According to the leave types chosen, you can configure the below properties. You can configure one or many type of leaves according to the usage.
If you have selected an ATS System then you will not be provided with the leave operation.
Disable User - (Optional) Select the Disable User checkbox to terminate the user.
Choose OU - Choose OU, which you want to configure for an employee which is on long term leave. You can choose "Do not change OU" from the dropdown if you do not want to change an OU.
Handling of Groups Memberships¶
Retain ALL assigned groups - None of the existing group memberships will be removed.
Remove ALL assigned groups - All the existing group memberships will be removed.

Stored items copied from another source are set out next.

lemma ug_tree_star:
  assumes sym: "symp E" and irrefl: "irreflp E" and c: "c \<in> V"
    and through_c: "\<And>a b. a \<in> V \<Longrightarrow> b \<in> V \<Longrightarrow> E a b \<Longrightarrow> a = c \<or> b = c"
    and adj_c: "\<And>v. v \<in> V \<Longrightarrow> v \<noteq> c \<Longrightarrow> E c v"
  shows "ug_tree V E"
proof -
  have "ug_reach V E c v" if "v \<in> V" for v
    using that adj_c c by (cases "v = c") (auto intro: ug_reach_edge)
  then have "ug_connected V E"
    unfolding ug_connected_iff_reach by (metis ug_reach_sym[OF sym] ug_reach_trans)
  have "\<not> ug_reach V (del_edge E c d) c d" if "d \<in> V" "d \<noteq> c" for d
  proof
    \<comment> \<open>without its edge to the centre, the leaf d is isolated\<close>
    have "z \<noteq> d" if "ug_reach V (del_edge E c d) c z" for z
      using that unfolding ug_reach_def
    proof (induction rule: rtranclp_induct)
      case (step y z)
      then show ?case using through_c \<open>d \<noteq> c\<close> by (auto simp: del_edge_def)
    qed (use \<open>d \<noteq> c\<close> in simp)
    then show "ug_reach V (del_edge E c d) c d \<Longrightarrow> False" by blast
  qed
  moreover have "del_edge E d c = del_edge E c d" for d
    by (auto simp: del_edge_def fun_eq_iff)
  ultimately have "ug_acyclic V E"
    unfolding ug_acyclic_iff_del_edge[OF sym irrefl]
    using through_c irreflpD[OF irrefl] ug_reach_sym[OF symp_del_edge[OF sym]] by metis
  with \<open>ug_connected V E\<close> show ?thesis using c by (auto simp: ug_tree_def)
qed

text \<open>Substituting the tree M \<union> N for the vertex c of the tree V, where N is the
  neighbourhood of c and the new vertices M are adjacent only to N and to each other.\<close>

locale tree_vertex_substitution =
  fixes V :: "'v set" and E :: "'v \<Rightarrow> 'v \<Rightarrow> bool" and c :: 'v
    and M N :: "'v set" and E' :: "'v \<Rightarrow> 'v \<Rightarrow> bool"
  assumes sym: "symp E" and irrefl: "irreflp E" and sym': "symp E'" and irrefl': "irreflp E'"
    and tree: "ug_tree V E" and c_in: "c \<in> V"
    and N_eq: "N = {v \<in> V. E c v}"
    and M_disjoint: "M \<inter> V = {}"
    and tree_MN: "ug_tree (M \<union> N) E'"
    and M_adj: "\<And>a b. a \<in> M \<Longrightarrow> b \<in> V - {c} \<union> M \<Longrightarrow> E' a b \<Longrightarrow> b \<in> N"
    and adj_agree: "\<And>a b. a \<in> V - {c} \<Longrightarrow> b \<in> V - {c} \<Longrightarrow> E' a b \<longleftrightarrow> E a b"
begin

lemma N_subset: "N \<subseteq> V - {c}"
  using N_eq irreflpD[OF irrefl] by auto

lemma MN_subset: "M \<union> N \<subseteq> V - {c} \<union> M"
  using N_subset by auto

lemma reach_in_MN:
  "a \<in> M \<union> N \<Longrightarrow> b \<in> M \<union> N \<Longrightarrow> ug_reach (V - {c} \<union> M) E' a b"
  using tree_MN MN_subset ug_reach_mono[of "M \<union> N" E' a b "V - {c} \<union> M" E']
  by (simp add: ug_tree_def ug_connected_iff_reach)

lemma ug_connected_substituted: "ug_connected (V - {c} \<union> M) E'"
proof -
  obtain m where m: "m \<in> M \<union> N" using tree_MN by (auto simp: ug_tree_def)
  define f where "f z = (if z = c then m else z)" for z
  \<comment> \<open>collapsing c onto m turns each edge at c into a path inside M \<union> N\<close>
  have f_reach: "ug_reach (V - {c} \<union> M) E' (f a) (f b)" if "ug_reach V E a b" for a b
  proof (rule ug_reach_hom[OF _ that])
    fix a b assume ab: "a \<in> V" "b \<in> V" "E a b"
    then consider "a = c" "b \<in> N" | "b = c" "a \<in> N" | "a \<in> V - {c}" "b \<in> V - {c}"
      using N_eq sympD[OF sym] by blast
    then show "ug_reach (V - {c} \<union> M) E' (f a) (f b)"
    proof cases
      case 1 then show ?thesis using m N_subset by (auto simp: f_def intro: reach_in_MN)
    next
      case 2 then show ?thesis using m N_subset by (auto simp: f_def intro: reach_in_MN)
    next
      case 3 then show ?thesis using ab adj_agree by (auto simp: f_def intro: ug_reach_edge)
    qed
  qed
  have "ug_reach (V - {c} \<union> M) E' m z" if z: "z \<in> V - {c} \<union> M" for z
  proof (cases "z \<in> M \<union> N")
    case True
    with m show ?thesis by (rule reach_in_MN)
  next
    case False
    then have "z \<in> V - {c}" using z by blast
    moreover have "ug_reach V E c z"
      using tree c_in \<open>z \<in> V - {c}\<close> by (simp add: ug_tree_def ug_connected_iff_reach)
    ultimately show ?thesis using f_reach[of c z] by (simp add: f_def)
  qed
  then show ?thesis
    unfolding ug_connected_iff_reach using ug_reach_sym[OF sym'] ug_reach_trans by metis
qed

lemma tree_no_bypass: "x \<in> V \<Longrightarrow> y \<in> V \<Longrightarrow> E x y \<Longrightarrow> \<not> ug_reach V (del_edge E x y) x y"
  using tree by (simp add: ug_tree_def ug_acyclic_iff_del_edge[OF sym irrefl])

lemma N_unique_in_component:
  assumes t: "t \<in> N" and t': "t' \<in> N" and reach: "ug_reach (V - {c}) E t t'"
  shows "t = t'"
proof (rule ccontr)
  assume "t \<noteq> t'"
  have "ug_reach V (del_edge E c t) t t'"
    using reach by (rule ug_reach_mono) (auto simp: del_edge_def)
  moreover have "ug_reach V (del_edge E c t) t' c"
    using t t' \<open>t \<noteq> t'\<close> N_eq sympD[OF sym] c_in by (auto simp: del_edge_def intro: ug_reach_edge)
  ultimately have "ug_reach V (del_edge E c t) c t"
    using ug_reach_trans ug_reach_sym[OF symp_del_edge[OF sym]] by metis
  then show False using tree_no_bypass[of c t] c_in t N_eq by auto
qed

lemma no_bypass_off_M:
  assumes x: "x \<in> V - {c}" and y: "y \<in> V - {c}" and xy: "E' x y"
  shows "\<not> ug_reach (V - {c} \<union> M) (del_edge E' x y) x y"
proof
  define g where "g z = (if z \<in> M then c else z)" for z
  assume bypass: "ug_reach (V - {c} \<union> M) (del_edge E' x y) x y"
  have "ug_reach V (del_edge E x y) (g x) (g y)"
  proof (rule ug_reach_hom[OF _ bypass])
    fix a b assume a: "a \<in> V - {c} \<union> M" and b: "b \<in> V - {c} \<union> M" and ab: "del_edge E' x y a b"
    then consider "a \<in> M" "b \<in> N" | "b \<in> M" "a \<in> N" | "a \<in> V - {c}" "b \<in> V - {c}"
      using M_adj sympD[OF sym'] by (auto simp: del_edge_def)
    then show "ug_reach V (del_edge E x y) (g a) (g b)"
    proof cases
      case 1 then show ?thesis
        using x y N_eq N_subset M_disjoint c_in
          by (auto simp: g_def del_edge_def intro!: ug_reach_edge)
    next
      case 2 then show ?thesis
        using x y N_eq N_subset M_disjoint c_in sympD[OF sym]
        by (auto simp: g_def del_edge_def intro!: ug_reach_edge)
    next
      case 3 then show ?thesis
        using ab adj_agree M_disjoint by (auto simp: g_def del_edge_def intro!: ug_reach_edge)
    qed
  qed
  moreover have "x \<notin> M" "y \<notin> M" using x y M_disjoint by auto
  ultimately have "ug_reach V (del_edge E x y) x y" by (simp add: g_def)
  then show False using tree_no_bypass x y xy adj_agree by auto
qed

definition component_root :: "'v \<Rightarrow> 'v" where
  "component_root z = (if z \<in> M \<union> N then z else (SOME t. t \<in> N \<and> ug_reach (V - {c}) E t z))"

Retain selected groups - The selected group memberships will be preserved when an employee is on long term leave, rest will be removed.
Remove selected groups - The selected group memberships will be removed when an employee is on leave, rest will be preserved as it is.
In a multi-domain controller setup, when selecting the 'Retain selected groups' and 'Remove selected groups' option under 'Handling groups memberships', you can select Groups for any of the base DNs in your AD.
Exclude Employee Attribute - If you want any data that should not be updated, then you can check those attributes from the multi-select checklist when you leave an employee.